3. Should we create a sitemap to include the static pages of the site or does that not matter much?

4. Should/could we create another sitemap showing the links as www.siteurl.co.uk instead of the current which show the links as siteurl.co.uk? We thought that didn't matter since the url is essentially the same, but apparrently Google sees the two urls as two different sites. Will that change when the site is moved from the supplemental index to the main index? Is that hurting us at the moment?

Any help would be greatly appreciated.

Rob
09-09-2005, 12:07 PM
If it is a new site and/or new domain it likely is the "sandbox."

Therefore what you can do is either wait, or build a few good quality links from directory sites like the Yahoo! or ODP directories. You will also want to get on some link building - finding relevant sites (ie similar market or geographic area) and request links from them.

seomike
09-09-2005, 12:18 PM
A supplimental page just means once upon a time there was a link to the page, now there isn't. Supplimental = Google's archive of an old page on your site.


Check your links to make sure they didnt' change ;)

Marcia
09-09-2005, 03:21 PM
The site is built with OScommerce and each database page has automatically generated tag fields, there are proper tags in the static pages as well and selected keywords are targeted. How much "unique" content is there on each page aside from what's in the global navigation?

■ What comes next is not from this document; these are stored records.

definition coord_weight :: "complex^'n^'n \<Rightarrow> ('n \<Rightarrow> complex^'n) \<Rightarrow> complex^'n \<Rightarrow> 'n \<Rightarrow> real" where
  "coord_weight G u x i = (cmod (sesq G (u i) x))^2"

lemma coord_weight_nonneg: "coord_weight G u x i \<ge> 0" by (simp add: coord_weight_def)

lemma coord_weight_pos_ex:
  assumes G: "pos_def_hermitian G" and u: "orthonormal_wrt G u" and x: "x \<noteq> 0"
  shows "\<exists>i. coord_weight G u x i > 0"
  using orthonormal_coord_nonzero[OF G u x] by (auto simp: coord_weight_def)

lemma weighted_coord_weight_sum_pos:
  assumes G: "pos_def_hermitian G" and u: "orthonormal_wrt G u" and x: "x \<noteq> 0"
    and pos: "\<And>i. f i > (0::real)"
  shows "(\<Sum>i\<in>UNIV. f i * coord_weight G u x i) > 0"
proof -
  obtain i where i: "coord_weight G u x i > 0" using coord_weight_pos_ex[OF G u x] by blast
  have "0 < f i * coord_weight G u x i" using i pos[of i] by simp
  also have "\<dots> \<le> (\<Sum>i\<in>UNIV. f i * coord_weight G u x i)"
    by (rule member_le_sum) (auto intro: mult_nonneg_nonneg less_imp_le[OF pos] coord_weight_nonneg)
  finally show ?thesis .
qed

definition coord_support :: "complex^'n^'n \<Rightarrow> ('n \<Rightarrow> complex^'n) \<Rightarrow> complex^'n \<Rightarrow> 'n set" where
  "coord_support G u x = {i. sesq G (u i) x \<noteq> 0}"

lemma coord_weight_pos_iff: "coord_weight G u x i > 0 \<longleftrightarrow> i \<in> coord_support G u x"
  by (simp add: coord_weight_def coord_support_def)

lemma in_span_if_coords_vanish:
  assumes G: "pos_def_hermitian G" and u: "orthonormal_wrt G u"
    and z: "\<And>i. i \<notin> S \<Longrightarrow> sesq G (u i) x = 0"
  shows "x \<in> vec.span (u ` S)"
proof -
  have "x = (\<Sum>i\<in>UNIV. sesq G (u i) x *s u i)" by (rule orthonormal_expansion[OF G u])
  also have "\<dots> = (\<Sum>i\<in>S. sesq G (u i) x *s u i)"
    by (rule sum.mono_neutral_right) (auto simp: z)
  also have "\<dots> \<in> vec.span (u ` S)"
    by (intro vec.span_sum vec.span_scale vec.span_base) auto
  finally show ?thesis .
qed

lemma coord_zero_if_in_span:
  assumes x: "x \<in> vec.span (u ` S)" and u: "orthonormal_wrt G u" and i: "i \<notin> S"
  shows "sesq G (u i) x = 0"
proof -
  have "subspace_ok": "vec.subspace (Collect (\<lambda>y. sesq G (u i) y = 0))"
    by (rule vec.subspaceI) (auto simp: sesq_add_right sesq_smult_right)
  have gen: "\<And>y. y \<in> u ` S \<Longrightarrow> sesq G (u i) y = 0"
  proof -
    fix y assume "y \<in> u ` S"
    then obtain k where "y = u k" "k \<in> S" by blast
    then show "sesq G (u i) y = 0" using u i by (auto simp: orthonormal_wrt_def)
  qed
  show ?thesis using vec.span_induct[OF x subspace_ok gen] by simp
qed

lemma independent_range_orthonormal:
  assumes G: "pos_def_hermitian G" and u: "orthonormal_wrt G u"
  shows "vec.independent (range u)"
proof (rule independent_if_orthogonal_wrt[OF G])
  fix v assume "v \<in> range u"
  then obtain i where "v = u i" by blast
  then show "sesq G v v \<noteq> 0" using u by (simp add: orthonormal_wrt_def)
next
  fix v w assume "v \<in> range u" "w \<in> range u" "v \<noteq> w"
  then obtain i k where "v = u i" "w = u k" "i \<noteq> k" by blast
  then show "sesq G v w = 0" using u by (simp add: orthonormal_wrt_def)
qed

lemma dim_span_orthonormal:
  assumes G: "pos_def_hermitian G" and u: "orthonormal_wrt G u"
  shows "vec.dim (vec.span (u ` S)) = card S"
proof -
  have "vec.independent (u ` S)"
    by (rule vec.independent_mono[OF independent_range_orthonormal[OF G u]]) auto
  then have "vec.dim (vec.span (u ` S)) = card (u ` S)" by (rule vec.dim_span_eq_card_independent)
  also have "\<dots> = card S" using orthonormal_wrt_inj[OF u] by (simp add: card_image inj_on_subset)
  finally show ?thesis .
qed

lemma orthonormal_wrt_nonzero: "orthonormal_wrt G u \<Longrightarrow> u i \<noteq> 0"
proof
  assume a: "orthonormal_wrt G u" "u i = 0"
  have "sesq G (u i) (u i) = 1" using a(1) by (simp add: orthonormal_wrt_def)
  then show False using a(2) by simp
qed

lemma span_orthonormal_proper_subspace:
  fixes u :: "'n \<Rightarrow> complex^'n"
  assumes G: "pos_def_hermitian G" and u: "orthonormal_wrt G u" and i0: "i0 \<in> S" and i1: "i1 \<notin> S"
  shows "vec.subspace (vec.span (u ` S)) \<and> vec.span (u ` S) \<noteq> {0} \<and> vec.span (u ` S) \<noteq> UNIV"
proof (intro conjI)
  show "vec.subspace (vec.span (u ` S))" by (rule vec.subspace_span)
  show "vec.span (u ` S) \<noteq> {0}"
    using vec.span_base[of "u i0" "u ` S"] i0 orthonormal_wrt_nonzero[OF u, of i0] by auto
  show "vec.span (u ` S) \<noteq> UNIV"
  proof
    assume "vec.span (u ` S) = UNIV"
    then have "card S = CARD('n)" using dim_span_orthonormal[OF G u, of S] vec_dim_card[where 'a=complex and 'n='n]
      by simp
    moreover have "card S < CARD('n)" using i1 by (intro psubset_card_mono) auto
    ultimately show False by simp
  qed
qed

lemma coord_support_nonempty:
  assumes G: "pos_def_hermitian G" and u: "orthonormal_wrt G u" and x: "x \<noteq> 0"
  shows "coord_support G u x \<noteq> {}"
  using orthonormal_coord_nonzero[OF G u x] by (auto simp: coord_support_def)

lemma coord_support_disjoint_iff:
  assumes G: "pos_def_hermitian G" and u: "orthonormal_wrt G u"
  shows "coord_support G u x \<inter> T = {} \<longleftrightarrow> x \<in> vec.span (u ` (- T))"
proof
  assume h: "coord_support G u x \<inter> T = {}"
  show "x \<in> vec.span (u ` (- T))"
    by (rule in_span_if_coords_vanish[OF G u]) (use h in \<open>auto simp: coord_support_def\<close>)
next
  assume h: "x \<in> vec.span (u ` (- T))"
  have "sesq G (u i) x = 0" if "i \<in> T" for i
    by (rule coord_zero_if_in_span[OF h u]) (use that in auto)
  then show "coord_support G u x \<inter> T = {}" by (auto simp: coord_support_def)
qed

definition stability_margin :: "complex^'n^'n \<Rightarrow> ('n \<Rightarrow> complex^'n) \<Rightarrow> (nat \<Rightarrow> complex^'n) \<Rightarrow> nat \<Rightarrow> 'n set \<Rightarrow> real" where
  "stability_margin G u P m T = real m * real (card (- T)) / real CARD('n)
      - real (card {j. j < m \<and> P j \<in> vec.span (u ` (- T))})"

definition min_stability_margin :: "complex^'n^'n \<Rightarrow> ('n \<Rightarrow> complex^'n) \<Rightarrow> (nat \<Rightarrow> complex^'n) \<Rightarrow> nat \<Rightarrow> real" where
  "min_stability_margin G u P m = Min (insert 1 (stability_margin G u P m ` {T. T \<noteq> {} \<and> T \<noteq> UNIV}))"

Could the fact that the site works for both siteurl.co.uk and www.siteurl.co.uk have anything to do with this?It shouldn't work for both. Decide on which one to use and use a 301 redirect to that one from the other - sitewide, use only one version, with or without the www.

PhilC
09-09-2005, 03:52 PM
The fact that the same pages come up with and without the "www." won't cause any ill effects as far as penalties are concerned. The 2 versions could be different sites and they have to be treated as different sites by the engines, at least until they can ascertain that they are the same site. Having said, Google does seem to sometimes recognise that they are the same site for some things but not for others.

You can add the static pages to your Sitemap file. Google downloads Sitemap files at least twice a day.

If a site's pages are Supplemental, they aren't in the sandbox, as far as I know.

Supplemental pages are not what was described. Pages are put into the Supplemental index for various reasons, one of which is that the pages contain nothing of value. They are basically pages that Google doesn't want showing up in the serps, unless they have little else to show for a particular search.

If all of a site's pages are in the Supplemental index you can pretty much wave goodbye to the site as far as Google is concerned. I saw somebody post that his pages (or some of his pages) came out of the Supplemental index following the submission of a Sitemap file that included the URLs, but I've only seen that said once, and it may have been coincidence. Pages don't often come out of the Supplemental index.

Rob
09-09-2005, 05:16 PM
I've actually had pages come out of supplemental.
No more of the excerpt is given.